[Input — start]

lemma measurable_PiM_map:
  assumes "set L \<subseteq> A"
  shows "(\<lambda>g. map g L) \<in> measurable (PiM A (\<lambda>_. count_space (UNIV :: 'c::countable set))) (count_space UNIV)"
  using assms
proof (induction L)
  case Nil
  then show ?case by simp
next
  case (Cons i L)
  have pair: "count_space UNIV \<Otimes>\<^sub>M count_space UNIV = count_space (UNIV :: ('c \<times> 'c list) set)"
    by (simp add: pair_measure_countable)
  have "(\<lambda>g. (g i, map g L))
      \<in> measurable (PiM A (\<lambda>_. count_space (UNIV :: 'c set))) (count_space UNIV \<Otimes>\<^sub>M count_space UNIV)"
    using Cons by (intro measurable_Pair measurable_component_singleton) auto
  then have "(\<lambda>z. fst z # snd z) \<circ> (\<lambda>g. (g i, map g L))
      \<in> measurable (PiM A (\<lambda>_. count_space (UNIV :: 'c set))) (count_space UNIV)"
    unfolding pair by (rule measurable_comp) simp
  then show ?case by (simp add: comp_def)
qed

lemma measurable_PiM_finite_dependence:
  assumes "finite J" "J \<subseteq> A" and dep: "\<And>g g'. (\<And>i. i \<in> J \<Longrightarrow> g i = g' i) \<Longrightarrow> F g = F g'"
  shows "F \<in> measurable (PiM A (\<lambda>_. count_space (UNIV :: 'c::countable set))) (count_space UNIV)"
proof -
  obtain L where L: "set L = J"
    using finite_list[OF assms(1)] by blast
  define H where "H xs = F (\<lambda>i. the (map_of (zip L xs) i))" for xs
  have "F = (\<lambda>g. H (map g L))"
    unfolding H_def by (intro ext dep) (simp add: map_of_zip_map L)
  moreover have "(\<lambda>g. H (map g L)) \<in> measurable (PiM A (\<lambda>_. count_space UNIV)) (count_space UNIV)"
    using measurable_comp[OF measurable_PiM_map[of L A], of H "count_space UNIV"] L assms(2)
    by (simp add: comp_def)
  ultimately show ?thesis by simp
qed

lemma (in prob_space) indep_var_finite_dependence:
  fixes Xs :: "'i \<Rightarrow> 'a \<Rightarrow> 'c::countable" and F F' :: "('i \<Rightarrow> 'c) \<Rightarrow> 'x"
  assumes ind: "indep_vars (\<lambda>_. count_space UNIV) Xs I"
    and J: "finite J" "finite J'" "J \<subseteq> I" "J' \<subseteq> I" "J \<inter> J' = {}"
    and F: "\<And>g g'. (\<And>i. i \<in> J \<Longrightarrow> g i = g' i) \<Longrightarrow> F g = F g'"
    and F': "\<And>g g'. (\<And>i. i \<in> J' \<Longrightarrow> g i = g' i) \<Longrightarrow> F' g = F' g'"
  shows "indep_var (count_space UNIV) (\<lambda>\<omega>. F (\<lambda>i. Xs i \<omega>)) (count_space UNIV) (\<lambda>\<omega>. F' (\<lambda>i. Xs i \<omega>))"
proof -
  have "indep_var (count_space UNIV) (F \<circ> (\<lambda>\<omega>. restrict (\<lambda>i. Xs i \<omega>) J))
                  (count_space UNIV) (F' \<circ> (\<lambda>\<omega>. restrict (\<lambda>i. Xs i \<omega>) J'))"
    by (intro indep_var_compose[OF indep_var_restrict[OF ind J(5,3,4)]]
        measurable_PiM_finite_dependence[OF J(1) order_refl F]
        measurable_PiM_finite_dependence[OF J(2) order_refl F'])
  moreover have "F \<circ> (\<lambda>\<omega>. restrict (\<lambda>i. Xs i \<omega>) J) = (\<lambda>\<omega>. F (\<lambda>i. Xs i \<omega>))"
    unfolding comp_def by (intro ext F) simp
  moreover have "F' \<circ> (\<lambda>\<omega>. restrict (\<lambda>i. Xs i \<omega>) J') = (\<lambda>\<omega>. F' (\<lambda>i. Xs i \<omega>))"
    unfolding comp_def by (intro ext F') simp
  ultimately show ?thesis by simp
qed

[Input — finish]

What you need to do: In the listing, find every line containing the word "circ" and list it.

Output:
  then have "(\<lambda>z. fst z # snd z) \<circ> (\<lambda>g. (g i, map g L))
  have "indep_var (count_space UNIV) (F \<circ> (\<lambda>\<omega>. restrict (\<lambda>i. Xs i \<omega>) J))
                  (count_space UNIV) (F' \<circ> (\<lambda>\<omega>. restrict (\<lambda>i. Xs i \<omega>) J'))"
  moreover have "F \<circ> (\<lambda>\<omega>. restrict (\<lambda>i. Xs i \<omega>) J) = (\<lambda>\<omega>. F (\<lambda>i. Xs i \<omega>))"
  moreover have "F' \<circ> (\<lambda>\<omega>. restrict (\<lambda>i. Xs i \<omega>) J') = (\<lambda>\<omega>. F' (\<lambda>i. Xs i \<omega>))"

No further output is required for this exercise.